Сестра, сев у изголовья кровати, расправила серое платье.
Скучная она.
Все они здесь скучны, одинаковы… суконные платья, белые воротнички, синие фартуки с тремя карманами… молитвенники эти… полотняные наметы, которые полагалось носить надвинутыми по самые брови. И оттого лица милосердниц казались какими-то половинчатыми.
Они говорили шепотом. И со смирением принимали любых пациентов…
…сестра бубнила. И голос ее монотонный убаюкивал, но Богуслава не желала соскальзывать в сон.
Душила обида.
Получается, что все зазря?
Приворот… согласие ее… и демон этот, которого ей мучительно недоставало… с демоном она была сильной и не нуждалась в муже, а теперь…
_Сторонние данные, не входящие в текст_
text \<open>The covariance of \<open>V\<close> and \<open>W\<close> under the mixture \<open>t P + (1 - t) Q\<close>, written in terms of
  moments under \<open>P\<close> and \<open>Q\<close> so that the mixture measure never has to be built.\<close>

definition mix_cov :: "'a measure \<Rightarrow> 'a measure \<Rightarrow> real \<Rightarrow> ('a \<Rightarrow> real) \<Rightarrow> ('a \<Rightarrow> real) \<Rightarrow> real" where
  "mix_cov P Q t V W = t * cov P V W + (1 - t) * cov Q V W
     + t * (1 - t) * (integral\<^sup>L P V - integral\<^sup>L Q V) * (integral\<^sup>L P W - integral\<^sup>L Q W)"

lemma cov_commute: "cov P V W = cov P W V"
  unfolding cov_def by (simp add: mult.commute)

lemma cov_self_le_second_moment: "cov P W W \<le> integral\<^sup>L P (\<lambda>\<omega>. (W \<omega>)\<^sup>2)"
  by (simp add: cov_def power2_eq_square)

lemma mix_cov_commute: "mix_cov P Q t V W = mix_cov P Q t W V"
  unfolding mix_cov_def by (simp add: cov_commute mult.commute mult.left_commute)

lemma mix_cov_one [simp]: "mix_cov P Q 1 V W = cov P V W"
  unfolding mix_cov_def by simp

lemma mix_cov_self_ge:
  assumes "0 \<le> t" "t \<le> 1" "L \<le> cov P W W" "L \<le> cov Q W W"
  shows "L \<le> mix_cov P Q t W W"
proof -
  have "t * L + (1 - t) * L \<le> t * cov P W W + (1 - t) * cov Q W W"
    using assms by (intro add_mono mult_left_mono) auto
  moreover have "0 \<le> t * (1 - t) * (integral\<^sup>L P W - integral\<^sup>L Q W)\<^sup>2"
    using assms(1,2) by simp
  ultimately show ?thesis by (simp add: mix_cov_def power2_eq_square algebra_simps)
qed

locale prob_family =
  fixes M :: "'a measure" and Ps :: "'a measure set"
  assumes Ps_nonempty: "Ps \<noteq> {}"
    and Ps_prob: "\<And>P. P \<in> Ps \<Longrightarrow> prob_space P \<and> sets P = sets M"
begin

definition finite_second_moment :: "('a \<Rightarrow> real) \<Rightarrow> bool" where
  "finite_second_moment W \<longleftrightarrow> W \<in> borel_measurable M
     \<and> (\<forall>P\<in>Ps. integrable P (\<lambda>\<omega>. (W \<omega>)\<^sup>2))
     \<and> bdd_above ((\<lambda>P. integral\<^sup>L P (\<lambda>\<omega>. (W \<omega>)\<^sup>2)) ` Ps)"

lemma borel_measurable_family_member:
  assumes "P \<in> Ps" "W \<in> borel_measurable M"
  shows "W \<in> borel_measurable P"
proof -
  have sets: "sets P = sets M" using Ps_prob[OF assms(1)] by simp
  show ?thesis using assms(2) by (simp add: measurable_cong_sets[OF sets refl])
qed

lemma integrable_of_finite_second_moment:
  assumes "finite_second_moment W" "P \<in> Ps"
  shows "integrable P W" "integrable P (\<lambda>\<omega>. (W \<omega>)\<^sup>2)"
proof -
  interpret prob_space P using Ps_prob[OF assms(2)] by simp
  show "integrable P (\<lambda>\<omega>. (W \<omega>)\<^sup>2)" using assms unfolding finite_second_moment_def by blast
  then show "integrable P W"
    using assms borel_measurable_family_member unfolding finite_second_moment_def
    by (blast intro: square_integrable_imp_integrable)
qed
Кажется, она все-таки заснула, потому что когда открыла глаза, то увидела батюшку. Он сидел на месте сестры-милосердницы, сгорбившийся, постаревший и несчастный.
…а все он!
Привел в дом какую-то…
— Здравствуй, Славушка, — сказал он елейным голоском, от которого у Богуславы челюсть свело. — Как ты?
— Плохо, — она вздохнула, и папенька подался вперед, за руку взял. — Забери меня домой…
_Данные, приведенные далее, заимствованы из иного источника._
lemma gbr_execution_Fin_after:
  assumes "gbr_execution R W T S es" "k < length es" "l < length es"
    and "es ! l = Fin (ev_tx (es ! k))"
  shows "k \<le> l"
proof -
  obtain evs where thread: "filter (\<lambda>e. ev_tx e = ev_tx (es ! k)) es = evs @ [Fin (ev_tx (es ! k))]"
      "Fin (ev_tx (es ! k)) \<notin> set evs"
    using gbr_execution_thread[OF assms(1,2)] by (blast dest: thread_ok_Fin_last)
  show ?thesis using filter_eq_snoc_nth_after[OF thread _ assms(2,3)] assms(4) by simp
qed

lemma gbr_execution_waits:
  assumes "gbr_execution R W T S es" "(t', t) \<in> S" "i < length es" "ev_tx (es ! i) = t"
  shows "\<exists>j<i. es ! j = Fin t'"
proof -
  obtain b where "b \<le> i" "es ! b = Begin t"
    using gbr_execution_Begin_before[OF assms(1,3)] assms(4) by blast
  moreover have "b < length es" using \<open>b \<le> i\<close> assms(3) by simp
  ultimately obtain j where "j < b" "es ! j = Fin t'"
    using assms(1,2) unfolding gbr_execution_def by blast
  then show ?thesis using \<open>b \<le> i\<close> by (intro exI[of _ j]) simp
qed

lemma gbr_execution_precedes:
  assumes ex: "gbr_execution R W T S es" and "(u, m) \<in> S\<^sup>+"
    and "k < length es" "i < length es" "ev_tx (es ! k) = u" "ev_tx (es ! i) = m"
  shows "k < i"
  using assms(2,4,6)
proof (induction arbitrary: i rule: trancl_induct)
  case (base m)
  then obtain j where j: "j < i" "es ! j = Fin u"
    using gbr_execution_waits[OF ex] by blast
  then have "k \<le> j"
    using gbr_execution_Fin_after[OF ex assms(3)] assms(5) base.prems(1) by simp
  with j show ?case by simp
next
  case (step y m)
  then obtain j where j: "j < i" "es ! j = Fin y"
    using gbr_execution_waits[OF ex] by blast
  then have "k < j"
    using step.IH step.prems(1) by simp
  with j show ?case by simp
qed

lemma gbr_execution_remove_last:
  assumes ex: "gbr_execution R W (insert m T) S es" and "m \<notin> T" "\<forall>t\<in>T. (m, t) \<notin> S"
  shows "gbr_execution R W T S (filter (\<lambda>e. ev_tx e \<noteq> m) es)"
  unfolding gbr_execution_def
proof (intro conjI ballI allI impI)
  let ?es = "filter (\<lambda>e. ev_tx e \<noteq> m) es"
  have in_T: "ev_tx e \<in> T" if "e \<in> set ?es" for e
    using that ex unfolding gbr_execution_def by auto
  then show "ev_tx e \<in> T" if "e \<in> set ?es" for e
    using that by blast
  show "thread_ok R W t (filter (\<lambda>e. ev_tx e = t) ?es)" if "t \<in> T" for t
  proof -
    have "filter (\<lambda>e. ev_tx e = t) ?es = filter (\<lambda>e. ev_tx e = t) es"
      using that \<open>m \<notin> T\<close> by (auto simp: filter_filter intro: filter_cong)
    then show ?thesis using that ex unfolding gbr_execution_def by simp
  qed
  fix t' t i
  assume "(t', t) \<in> S" and i: "i < length ?es" "?es ! i = Begin t"
  moreover have "t \<in> T"
    using in_T[of "Begin t"] i nth_mem by fastforce
  ultimately show "\<exists>j<i. ?es ! j = Fin t'"
    using filter_preserves_occurs_before[of es "Begin t" "Fin t'" "\<lambda>e. ev_tx e \<noteq> m"] ex assms(3)
    unfolding gbr_execution_def by auto
qed

lemma gbr_execution_event_sets:
  assumes "gbr_execution R W T S es" "k < length es"
  shows "ev_reads (es ! k) \<subseteq> R (ev_tx (es ! k)) \<and> ev_writes (es ! k) \<subseteq> W (ev_tx (es ! k))"
proof (rule thread_ok_event_sets)
  show "thread_ok R W (ev_tx (es ! k)) (filter (\<lambda>e. ev_tx e = ev_tx (es ! k)) es)"
    using gbr_execution_thread[OF assms] by blast
  show "es ! k \<in> set (filter (\<lambda>e. ev_tx e = ev_tx (es ! k)) es)"
    using assms(2) by simp
qed

lemma gbr_execution_independent_after:
  assumes ex: "gbr_execution R W T S es"
    and conflicts: "\<forall>t\<in>T. \<forall>t'\<in>T. conflict R W t t' \<longrightarrow> (t, t') \<in> S\<^sup>+ \<or> (t', t) \<in> S\<^sup>+"
    and "i < j" "j < length es" "(ev_tx (es ! i), ev_tx (es ! j)) \<notin> S\<^sup>+"
    and "ev_tx (es ! i) \<noteq> ev_tx (es ! j)"
  shows "independent (es ! i) (es ! j)"
proof -
  let ?m = "ev_tx (es ! i)" and ?u = "ev_tx (es ! j)"
  have i: "i < length es" using assms(3,4) by simp
  have "(?u, ?m) \<notin> S\<^sup>+"
    using gbr_execution_precedes[OF ex _ assms(4) i] assms(3) by fastforce
  with assms(5) have "\<not> conflict R W ?m ?u"
    using conflicts gbr_execution_thread[OF ex i] gbr_execution_thread[OF ex assms(4)] by blast
  then show ?thesis
    using gbr_execution_event_sets[OF ex i] gbr_execution_event_sets[OF ex assms(4)] assms(6)
    unfolding independent_def conflict_def by blast
qed

lemma seq_run_snoc:
  "seq_run W f (\<tau> @ [t]) s0 =
     (let (s, res) = seq_run W f \<tau> s0 in (apply_tx W f t s, res(t := Some (snd (f t s)))))"
  by (simp add: seq_run_def split: prod.split)

lemma gbr_run_eq_seq_run:
  assumes "distinct \<tau>" "sorted_wrt (\<lambda>t t'. (t', t) \<notin> S\<^sup>+) \<tau>"
    and "deterministic (set \<tau>) R f"
    and "\<forall>t\<in>set \<tau>. \<forall>t'\<in>set \<tau>. conflict R W t t' \<longrightarrow> (t, t') \<in> S\<^sup>+ \<or> (t', t) \<in> S\<^sup>+"
    and "gbr_execution R W (set \<tau>) S es"
  shows "gbr_run f es s0 = seq_run W f \<tau> s0"
  using assms
proof (induction \<tau> arbitrary: es rule: rev_induct)
  case Nil
  then have "es = []" unfolding gbr_execution_def by (cases es) auto
  then show ?case by (simp add: gbr_run_def seq_run_def)
next
  case (snoc m \<tau>)
  note ex = snoc.prems(5)
  have m_last: "m \<notin> set \<tau>" "\<forall>t\<in>set \<tau>. (m, t) \<notin> S\<^sup>+"
    using snoc.prems(1,2) by (auto simp: sorted_wrt_append)
  let ?c0 = "(s0, \<lambda>_. s0, \<lambda>_. None)"
  have "foldl (gbr_step f) ?c0 es =
      foldl (gbr_step f) ?c0 (filter (\<lambda>e. ev_tx e \<noteq> m) es @ filter (\<lambda>e. ev_tx e = m) es)"
  proof (subst foldl_filter_reorder[where P = "\<lambda>e. ev_tx e = m"])
    fix i j c assume ij: "i < j" "j < length es" and tx: "ev_tx (es ! i) = m" "ev_tx (es ! j) \<noteq> m"
    then have "ev_tx (es ! j) \<in> set \<tau>"
      using gbr_execution_thread[OF ex ij(2)] by simp
    then show "gbr_step f (gbr_step f c (es ! i)) (es ! j) = gbr_step f (gbr_step f c (es ! j)) (es ! i)"
      using gbr_execution_independent_after[OF ex snoc.prems(4) ij] tx m_last(2)
      by (intro gbr_step_commute) auto
  qed simp
  moreover obtain gs loc res
    where before_m: "foldl (gbr_step f) ?c0 (filter (\<lambda>e. ev_tx e \<noteq> m) es) = (gs, loc, res)"
    by (cases "foldl (gbr_step f) ?c0 (filter (\<lambda>e. ev_tx e \<noteq> m) es)")
  moreover have "seq_run W f \<tau> s0 = (gs, res)"
  proof -
    have "gbr_execution R W (set \<tau>) S (filter (\<lambda>e. ev_tx e \<noteq> m) es)"
      using ex m_last by (intro gbr_execution_remove_last) auto
    then have "gbr_run f (filter (\<lambda>e. ev_tx e \<noteq> m) es) s0 = seq_run W f \<tau> s0"
      using snoc.IH snoc.prems(1-4) by (simp add: sorted_wrt_append deterministic_def)
    then show ?thesis using before_m by (simp add: gbr_run_def)
  qed
  moreover obtain loc' where "foldl (gbr_step f) (gs, loc, res) (filter (\<lambda>e. ev_tx e = m) es) =
      (apply_tx W f m gs, loc', res(m := Some (snd (f m gs))))"
  proof -
    have "thread_ok R W m (filter (\<lambda>e. ev_tx e = m) es)"
      using ex unfolding gbr_execution_def by simp
    then show ?thesis using thread_ok_run snoc.prems(3) that by fastforce
  qed
  ultimately show ?case by (simp add: gbr_run_def seq_run_snoc)
qed

theorem theorem1:
  fixes T :: "'t set" and S :: "('t \<times> 't) set"
    and R W :: "'t \<Rightarrow> 'o set"
    and f :: "'t \<Rightarrow> ('o \<Rightarrow> 'v) \<Rightarrow> ('o \<Rightarrow> 'v) \<times> 'r"
  assumes "finite T"
    and "deterministic T R f"
    and "valid_schedule R W T S"
  shows "\<exists>\<tau>. distinct \<tau> \<and> set \<tau> = T \<and>
           (\<forall>s0 es. gbr_execution R W T S es \<longrightarrow> gbr_run f es s0 = seq_run W f \<tau> s0)"
proof -
  obtain "S \<subseteq> T \<times> T" "acyclic S"
    and conflicts: "\<forall>t\<in>T. \<forall>t'\<in>T. conflict R W t t' \<longrightarrow> (t, t') \<in> S\<^sup>+ \<or> (t', t) \<in> S\<^sup>+"
    using assms(3) unfolding valid_schedule_def schedule_def by blast
  then have "finite S" using assms(1) by (meson finite_SigmaI finite_subset)
  then obtain \<tau> where "distinct \<tau>" "set \<tau> = T" "sorted_wrt (\<lambda>t t'. (t', t) \<notin> S\<^sup>+) \<tau>"
    using finite_acyclic_linear_extension[OF assms(1)] \<open>acyclic S\<close> by blast
  then show ?thesis
    using gbr_run_eq_seq_run assms(2) conflicts by blast
qed

end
— Заберу, Славушка, всенепременно заберу… когда целительницы разрешат… сама понимаешь, мы должны их слушаться…
Папенька глядел ласково и руку гладил, и был таким непривычно смирным, что Богуслава заподозрила неладное.
— Они же говорят, что тебе в мир пока неможно…
— А куда мне можно? — поинтересовалась Богуслава и с немалым трудом села в постели.
Белая.
И стены белые, потому как кто-то там, верно, матушка-настоятельница или кто к ней близкий, решил, что созерцание белого способствует излечению души. От белого Богуславу мутило едва ли не больше, чем от душеспасительных бесед и молитв.
— В сад можно, — после долгого раздумья произнес батюшка.
И креслице на колесиках подкатил, и помог Богуславе пересесть. Сестра-милосердница, тотчас объявившаяся, хотя никто-то ее не звал, поспешила набросить на плечи Богуславы шаль.
Белую.
И пледом белоснежным ноги укрыла. А волосы — платком, правда, серым, верно, белый уж больно на фату смахивал…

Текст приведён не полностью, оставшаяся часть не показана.